Sometimes the articles just write themselves. I was futzing around on line when I found this webpage: A Low Carbs (sic) Diet is Hazardous to Your Health For Ten Reasons. It was so off the mark, I had to write a response. Then, as I finished it, I realized I’d just written my article for this week!
1) Article claims: Heart Disease Risk – large amounts of animal protein raises LDL cholesterol.

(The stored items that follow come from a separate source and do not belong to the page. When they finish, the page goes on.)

lemma gamma_x_complete_graph_ge:
  assumes "n \<ge> 2" "x \<in> feasible {0..<n}"
  shows "real n / (real n - 1) \<le> gamma_x {0..<n} complete_edge x"
proof -
  let ?V = "{0..<n}" and ?d = "\<lambda>u v. if u = v then 0 else 1 :: real"
  have "\<bar>x u - x v\<bar> \<le> ?d u v * gamma_x ?V complete_edge x" if "u \<in> ?V" "v \<in> ?V" for u v
    using that by (auto intro: edge_difference_le_gamma_x simp: complete_edge_def)
  from card_le_gamma_x_times_distance_sum[OF _ _ assms(2) this]
  obtain w where w: "w \<in> ?V" "real n \<le> gamma_x ?V complete_edge x * (\<Sum>u\<in>?V. ?d w u)"
    using assms(1) by auto
  have "(\<Sum>u\<in>?V. ?d w u) = real n - 1"
    using w(1) assms(1) by (simp add: sum.If_cases Diff_eq[symmetric] of_nat_diff)
  then have "real n \<le> gamma_x ?V complete_edge x * (real n - 1)"
    using w(2) by (simp only:)
  then show ?thesis using assms(1) by (simp add: field_simps)
qed

lemma gamma_complete_graph:
  assumes "n \<ge> 2"
  shows "gamma {0..<n} complete_edge = real n / (real n - 1)"
proof -
  let ?V = "{0..<n}" and ?c = "real n / (real n - 1)"
  have n1: "real n - 1 > 0" using assms by simp
  define x0 :: "nat \<Rightarrow> real" where "x0 v = (if v = 0 then 1 else - 1 / (real n - 1))" for v
  have "(\<Sum>v\<in>?V. x0 v) = x0 0 + (\<Sum>v\<in>?V - {0}. x0 v)"
    using assms by (simp add: sum.remove)
  also have "(\<Sum>v\<in>?V - {0}. x0 v) = (\<Sum>v\<in>?V - {0}. - 1 / (real n - 1))"
    by (rule sum.cong) (auto simp: x0_def)
  also have "x0 0 + \<dots> = 0"
    using assms n1 by (simp add: x0_def of_nat_diff)
  finally have "(\<Sum>v\<in>?V. x0 v) = 0" .
  moreover have "sup_norm ?V x0 = 1"
    using assms n1 by (intro sup_norm_eqI[of _ 0]) (auto simp: x0_def field_simps)
  ultimately have feasible: "x0 \<in> feasible ?V"
    by (simp add: feasible_def)
  have "gamma_x ?V complete_edge x0 \<le> ?c"
  proof (rule gamma_x_le[of _ 0 1])
    fix a b
    have "1 / (real n - 1) > 0" using n1 by simp
    then have "\<bar>x0 a - x0 b\<bar> \<le> 1 + 1 / (real n - 1)"
      by (auto simp: x0_def simp del: zero_less_divide_1_iff)
    also have "\<dots> = ?c" using n1 by (simp add: field_simps)
    finally show "\<bar>x0 a - x0 b\<bar> \<le> ?c" .
  qed (use assms in \<open>auto simp: complete_edge_def\<close>)
  then show ?thesis
    using gamma_eqI[OF feasible _ gamma_x_complete_graph_ge[OF assms]] by blast
qed

definition cycle_dist :: "nat \<Rightarrow> nat \<Rightarrow> nat \<Rightarrow> nat" where
  "cycle_dist n u v = min ((v + n - u) mod n) (n - (v + n - u) mod n)"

Dana’s Response: Clinical studies repeatedly demonstrate improved blood lipid profiles – raised HDL and lowered triglycerides, usually with LDL remaining about constant, with low carbohydrate diets. Further, the LDL profile skews to the harmless large, fluffy LDL, rather than the small, dense LDL. Indeed, total LDL seems to be a non-issue where heart disease is concerned, no matter how hysterical people want to get about it.
2)Article claims: Cancer Risk Increased – many cancers are promoted/thrive on a low plant-based diet.
Dana’s Response: Low carb diets are not low in plant foods, they’re low in grains and potatoes. Most low carbers wind up eating more vegetables, not fewer. Why? Because we’re the ones getting the innards of our sandwich served on a bed of lettuce. We’re the ones asking for extra steamed asparagus instead of the baked potato. We’re the ones eating pureed cauliflower instead of mashed potatoes.
3) Article claims: Weight Control loss – initial weight lowers from reduced caloric intake which lowers overall nutrient intake triggering the tendency to binge on empty fast foods.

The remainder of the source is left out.